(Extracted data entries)
● ● ● ●
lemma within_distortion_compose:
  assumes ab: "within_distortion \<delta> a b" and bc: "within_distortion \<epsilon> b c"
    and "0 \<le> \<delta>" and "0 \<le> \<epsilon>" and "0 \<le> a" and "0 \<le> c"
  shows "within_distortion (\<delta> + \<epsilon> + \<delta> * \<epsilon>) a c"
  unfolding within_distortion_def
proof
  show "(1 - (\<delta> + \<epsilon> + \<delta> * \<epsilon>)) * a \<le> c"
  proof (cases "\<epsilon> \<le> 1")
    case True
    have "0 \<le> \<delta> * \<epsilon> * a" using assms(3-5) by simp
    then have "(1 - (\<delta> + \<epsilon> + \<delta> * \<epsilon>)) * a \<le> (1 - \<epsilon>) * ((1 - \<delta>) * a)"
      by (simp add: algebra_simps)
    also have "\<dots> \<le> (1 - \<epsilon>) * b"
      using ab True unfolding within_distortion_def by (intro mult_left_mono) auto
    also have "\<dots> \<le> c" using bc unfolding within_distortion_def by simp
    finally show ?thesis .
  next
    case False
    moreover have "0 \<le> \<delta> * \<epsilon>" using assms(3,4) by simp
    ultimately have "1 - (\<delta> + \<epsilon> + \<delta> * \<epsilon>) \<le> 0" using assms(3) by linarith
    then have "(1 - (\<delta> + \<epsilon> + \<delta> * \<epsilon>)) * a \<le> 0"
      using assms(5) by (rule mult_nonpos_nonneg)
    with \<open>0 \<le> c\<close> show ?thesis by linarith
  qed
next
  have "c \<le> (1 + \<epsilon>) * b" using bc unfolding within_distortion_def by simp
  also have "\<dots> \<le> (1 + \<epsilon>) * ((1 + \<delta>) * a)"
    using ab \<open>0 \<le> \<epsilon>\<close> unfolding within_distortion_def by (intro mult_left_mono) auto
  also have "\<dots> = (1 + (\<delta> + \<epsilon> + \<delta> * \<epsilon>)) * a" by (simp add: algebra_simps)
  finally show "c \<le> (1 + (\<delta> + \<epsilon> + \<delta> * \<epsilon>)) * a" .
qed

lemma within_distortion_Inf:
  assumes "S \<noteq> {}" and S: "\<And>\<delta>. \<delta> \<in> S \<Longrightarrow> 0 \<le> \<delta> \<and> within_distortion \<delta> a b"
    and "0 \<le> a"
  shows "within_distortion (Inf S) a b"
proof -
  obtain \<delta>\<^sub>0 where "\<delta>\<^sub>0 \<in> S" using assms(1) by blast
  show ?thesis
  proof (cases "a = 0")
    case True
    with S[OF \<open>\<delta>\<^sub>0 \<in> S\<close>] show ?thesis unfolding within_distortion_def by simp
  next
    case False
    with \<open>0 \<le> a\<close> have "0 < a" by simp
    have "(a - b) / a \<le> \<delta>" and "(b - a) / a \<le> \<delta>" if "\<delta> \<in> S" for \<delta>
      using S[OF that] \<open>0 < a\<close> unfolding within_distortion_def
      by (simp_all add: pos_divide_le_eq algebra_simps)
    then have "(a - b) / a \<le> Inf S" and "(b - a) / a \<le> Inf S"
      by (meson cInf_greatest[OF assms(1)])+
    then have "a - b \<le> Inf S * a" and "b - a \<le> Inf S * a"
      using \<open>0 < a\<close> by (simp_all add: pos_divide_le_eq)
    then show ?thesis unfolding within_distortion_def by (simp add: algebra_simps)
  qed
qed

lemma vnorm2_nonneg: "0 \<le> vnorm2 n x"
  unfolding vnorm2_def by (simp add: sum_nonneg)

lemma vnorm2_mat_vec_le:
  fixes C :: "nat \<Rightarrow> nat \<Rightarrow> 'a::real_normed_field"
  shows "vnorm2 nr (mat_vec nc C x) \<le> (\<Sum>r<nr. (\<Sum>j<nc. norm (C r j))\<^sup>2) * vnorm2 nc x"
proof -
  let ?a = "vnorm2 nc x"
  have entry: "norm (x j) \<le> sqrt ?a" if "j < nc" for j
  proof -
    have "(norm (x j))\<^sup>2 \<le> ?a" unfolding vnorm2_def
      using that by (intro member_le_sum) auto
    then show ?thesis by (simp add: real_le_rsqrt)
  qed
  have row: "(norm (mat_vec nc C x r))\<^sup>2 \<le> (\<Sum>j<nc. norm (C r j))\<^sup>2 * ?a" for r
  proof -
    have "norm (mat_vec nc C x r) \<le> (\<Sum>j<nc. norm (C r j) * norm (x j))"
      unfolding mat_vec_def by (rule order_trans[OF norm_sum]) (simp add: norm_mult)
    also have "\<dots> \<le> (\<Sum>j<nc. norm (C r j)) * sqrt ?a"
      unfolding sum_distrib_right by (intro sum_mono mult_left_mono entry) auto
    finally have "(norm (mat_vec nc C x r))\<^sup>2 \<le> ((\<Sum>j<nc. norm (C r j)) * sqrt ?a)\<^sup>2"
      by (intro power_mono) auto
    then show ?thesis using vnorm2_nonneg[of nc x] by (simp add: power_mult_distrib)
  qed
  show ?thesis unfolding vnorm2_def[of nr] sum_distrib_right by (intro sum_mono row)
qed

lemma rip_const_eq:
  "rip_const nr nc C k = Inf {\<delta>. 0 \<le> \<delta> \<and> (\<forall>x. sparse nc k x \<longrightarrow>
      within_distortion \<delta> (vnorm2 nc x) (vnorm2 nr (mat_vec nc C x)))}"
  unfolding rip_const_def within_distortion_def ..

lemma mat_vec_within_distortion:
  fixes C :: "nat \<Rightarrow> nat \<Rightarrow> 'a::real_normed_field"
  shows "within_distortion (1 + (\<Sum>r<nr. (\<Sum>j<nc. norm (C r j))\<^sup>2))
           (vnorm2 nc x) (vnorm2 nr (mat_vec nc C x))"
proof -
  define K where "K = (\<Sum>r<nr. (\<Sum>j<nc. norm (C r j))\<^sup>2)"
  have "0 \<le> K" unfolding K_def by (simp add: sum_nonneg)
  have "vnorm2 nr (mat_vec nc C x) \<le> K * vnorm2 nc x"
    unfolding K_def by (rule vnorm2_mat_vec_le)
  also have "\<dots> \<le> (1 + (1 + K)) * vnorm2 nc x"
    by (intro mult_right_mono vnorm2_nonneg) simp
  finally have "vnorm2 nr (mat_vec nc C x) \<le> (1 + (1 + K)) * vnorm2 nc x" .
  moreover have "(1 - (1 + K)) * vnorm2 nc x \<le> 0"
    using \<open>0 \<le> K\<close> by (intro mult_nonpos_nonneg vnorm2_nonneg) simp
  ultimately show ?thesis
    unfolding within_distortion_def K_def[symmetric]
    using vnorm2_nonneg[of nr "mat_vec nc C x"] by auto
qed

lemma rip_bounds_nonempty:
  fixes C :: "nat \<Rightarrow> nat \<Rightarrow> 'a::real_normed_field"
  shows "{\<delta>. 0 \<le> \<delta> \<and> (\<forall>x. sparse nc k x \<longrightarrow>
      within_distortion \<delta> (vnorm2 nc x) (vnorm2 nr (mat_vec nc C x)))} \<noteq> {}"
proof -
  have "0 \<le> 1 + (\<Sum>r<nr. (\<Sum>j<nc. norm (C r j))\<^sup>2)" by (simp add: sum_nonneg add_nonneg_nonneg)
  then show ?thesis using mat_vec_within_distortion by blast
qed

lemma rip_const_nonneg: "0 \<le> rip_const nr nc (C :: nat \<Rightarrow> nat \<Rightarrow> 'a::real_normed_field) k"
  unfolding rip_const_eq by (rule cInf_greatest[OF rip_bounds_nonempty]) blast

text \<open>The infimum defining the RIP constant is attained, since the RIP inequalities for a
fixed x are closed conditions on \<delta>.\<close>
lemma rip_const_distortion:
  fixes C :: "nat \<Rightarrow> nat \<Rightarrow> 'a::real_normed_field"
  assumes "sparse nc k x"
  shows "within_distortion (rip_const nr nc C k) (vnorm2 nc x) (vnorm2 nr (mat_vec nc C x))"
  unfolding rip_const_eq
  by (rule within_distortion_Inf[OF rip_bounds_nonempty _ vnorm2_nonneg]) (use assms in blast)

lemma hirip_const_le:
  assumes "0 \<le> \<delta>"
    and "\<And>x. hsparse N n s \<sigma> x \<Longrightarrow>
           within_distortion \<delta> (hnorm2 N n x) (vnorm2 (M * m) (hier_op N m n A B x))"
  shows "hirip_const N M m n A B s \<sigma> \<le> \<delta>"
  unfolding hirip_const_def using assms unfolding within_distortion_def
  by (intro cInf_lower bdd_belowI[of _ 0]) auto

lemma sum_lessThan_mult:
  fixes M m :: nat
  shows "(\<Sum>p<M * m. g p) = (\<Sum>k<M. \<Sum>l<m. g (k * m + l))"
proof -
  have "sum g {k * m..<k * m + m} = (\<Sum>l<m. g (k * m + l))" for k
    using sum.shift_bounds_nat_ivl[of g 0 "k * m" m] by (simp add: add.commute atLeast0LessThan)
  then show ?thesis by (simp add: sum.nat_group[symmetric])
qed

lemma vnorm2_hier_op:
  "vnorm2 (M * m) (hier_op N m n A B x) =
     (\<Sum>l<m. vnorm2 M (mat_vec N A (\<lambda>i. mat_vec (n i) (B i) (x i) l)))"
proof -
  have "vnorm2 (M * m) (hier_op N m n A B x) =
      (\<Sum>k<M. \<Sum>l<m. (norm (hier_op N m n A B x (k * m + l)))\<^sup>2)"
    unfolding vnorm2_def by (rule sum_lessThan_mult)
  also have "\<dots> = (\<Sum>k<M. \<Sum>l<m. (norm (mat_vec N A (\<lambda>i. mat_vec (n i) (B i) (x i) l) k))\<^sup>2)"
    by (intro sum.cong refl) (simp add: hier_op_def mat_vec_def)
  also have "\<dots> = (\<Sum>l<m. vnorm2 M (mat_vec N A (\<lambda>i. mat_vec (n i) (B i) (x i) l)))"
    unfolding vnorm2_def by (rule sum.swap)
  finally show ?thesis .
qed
● ● ● ●
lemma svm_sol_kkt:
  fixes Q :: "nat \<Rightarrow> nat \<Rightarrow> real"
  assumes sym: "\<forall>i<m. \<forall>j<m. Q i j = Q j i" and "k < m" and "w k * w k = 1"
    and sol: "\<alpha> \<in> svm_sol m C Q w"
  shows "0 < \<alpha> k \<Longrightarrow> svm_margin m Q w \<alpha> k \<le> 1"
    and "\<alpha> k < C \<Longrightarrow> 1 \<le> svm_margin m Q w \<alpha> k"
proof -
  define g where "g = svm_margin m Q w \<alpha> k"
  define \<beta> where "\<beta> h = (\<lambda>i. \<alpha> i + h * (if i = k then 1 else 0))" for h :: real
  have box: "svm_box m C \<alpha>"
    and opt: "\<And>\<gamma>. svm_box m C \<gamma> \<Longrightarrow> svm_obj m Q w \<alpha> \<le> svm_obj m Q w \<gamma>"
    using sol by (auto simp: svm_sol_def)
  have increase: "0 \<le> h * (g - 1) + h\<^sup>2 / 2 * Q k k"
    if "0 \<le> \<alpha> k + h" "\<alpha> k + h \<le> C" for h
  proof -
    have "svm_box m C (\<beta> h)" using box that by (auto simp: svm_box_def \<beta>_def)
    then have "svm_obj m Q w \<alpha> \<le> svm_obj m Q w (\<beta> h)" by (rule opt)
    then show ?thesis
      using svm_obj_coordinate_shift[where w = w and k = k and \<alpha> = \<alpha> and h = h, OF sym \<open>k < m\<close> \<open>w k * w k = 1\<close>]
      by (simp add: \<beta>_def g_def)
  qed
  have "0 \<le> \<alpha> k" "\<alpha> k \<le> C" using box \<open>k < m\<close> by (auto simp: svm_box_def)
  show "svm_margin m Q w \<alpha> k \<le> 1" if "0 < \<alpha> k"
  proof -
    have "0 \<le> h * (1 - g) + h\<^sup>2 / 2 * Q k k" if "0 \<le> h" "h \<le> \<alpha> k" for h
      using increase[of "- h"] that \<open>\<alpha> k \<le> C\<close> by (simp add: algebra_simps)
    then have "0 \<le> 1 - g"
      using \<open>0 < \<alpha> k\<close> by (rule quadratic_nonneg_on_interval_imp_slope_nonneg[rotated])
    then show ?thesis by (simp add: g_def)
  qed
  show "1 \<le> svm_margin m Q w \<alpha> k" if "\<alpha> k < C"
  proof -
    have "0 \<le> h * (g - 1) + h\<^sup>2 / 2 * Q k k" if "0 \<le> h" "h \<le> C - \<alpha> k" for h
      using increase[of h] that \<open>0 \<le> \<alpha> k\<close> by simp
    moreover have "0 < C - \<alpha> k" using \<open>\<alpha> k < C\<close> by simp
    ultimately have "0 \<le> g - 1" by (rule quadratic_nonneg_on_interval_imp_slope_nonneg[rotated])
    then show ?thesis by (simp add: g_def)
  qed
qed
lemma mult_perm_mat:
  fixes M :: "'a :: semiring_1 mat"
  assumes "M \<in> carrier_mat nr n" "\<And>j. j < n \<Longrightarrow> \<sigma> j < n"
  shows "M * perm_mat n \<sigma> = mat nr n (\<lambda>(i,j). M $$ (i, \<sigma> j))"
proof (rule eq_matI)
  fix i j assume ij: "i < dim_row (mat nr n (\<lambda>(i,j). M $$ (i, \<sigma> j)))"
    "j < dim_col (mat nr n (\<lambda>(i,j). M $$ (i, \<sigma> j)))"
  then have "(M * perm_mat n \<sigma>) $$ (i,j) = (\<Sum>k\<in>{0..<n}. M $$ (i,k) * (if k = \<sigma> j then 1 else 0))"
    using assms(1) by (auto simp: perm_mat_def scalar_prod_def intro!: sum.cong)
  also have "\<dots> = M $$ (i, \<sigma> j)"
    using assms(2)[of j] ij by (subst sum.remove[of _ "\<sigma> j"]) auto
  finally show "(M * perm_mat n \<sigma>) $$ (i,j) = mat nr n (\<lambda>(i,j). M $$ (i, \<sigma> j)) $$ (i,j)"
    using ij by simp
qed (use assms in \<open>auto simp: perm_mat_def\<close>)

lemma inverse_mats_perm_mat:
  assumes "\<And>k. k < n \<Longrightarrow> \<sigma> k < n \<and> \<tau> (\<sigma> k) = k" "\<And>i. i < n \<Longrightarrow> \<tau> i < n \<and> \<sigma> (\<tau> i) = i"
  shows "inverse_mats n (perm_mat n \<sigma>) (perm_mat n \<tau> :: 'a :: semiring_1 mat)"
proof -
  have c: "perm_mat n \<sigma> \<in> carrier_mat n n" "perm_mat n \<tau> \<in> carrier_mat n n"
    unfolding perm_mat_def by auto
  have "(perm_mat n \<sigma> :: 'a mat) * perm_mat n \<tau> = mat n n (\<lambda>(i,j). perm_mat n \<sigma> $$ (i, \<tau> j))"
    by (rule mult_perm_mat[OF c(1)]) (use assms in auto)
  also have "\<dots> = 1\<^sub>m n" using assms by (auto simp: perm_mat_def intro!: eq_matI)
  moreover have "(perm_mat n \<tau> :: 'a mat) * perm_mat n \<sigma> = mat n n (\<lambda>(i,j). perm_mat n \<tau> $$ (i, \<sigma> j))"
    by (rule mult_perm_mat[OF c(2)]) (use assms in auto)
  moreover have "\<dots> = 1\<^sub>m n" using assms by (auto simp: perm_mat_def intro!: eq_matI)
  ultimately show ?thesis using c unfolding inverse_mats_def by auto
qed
● ● ● ●
Exercise: In the data above, which lines have "linarith"? Report each of them.

Reply to the task:
    ultimately have "1 - (\<delta> + \<epsilon> + \<delta> * \<epsilon>) \<le> 0" using assms(3) by linarith
    with \<open>0 \<le> c\<close> show ?thesis by linarith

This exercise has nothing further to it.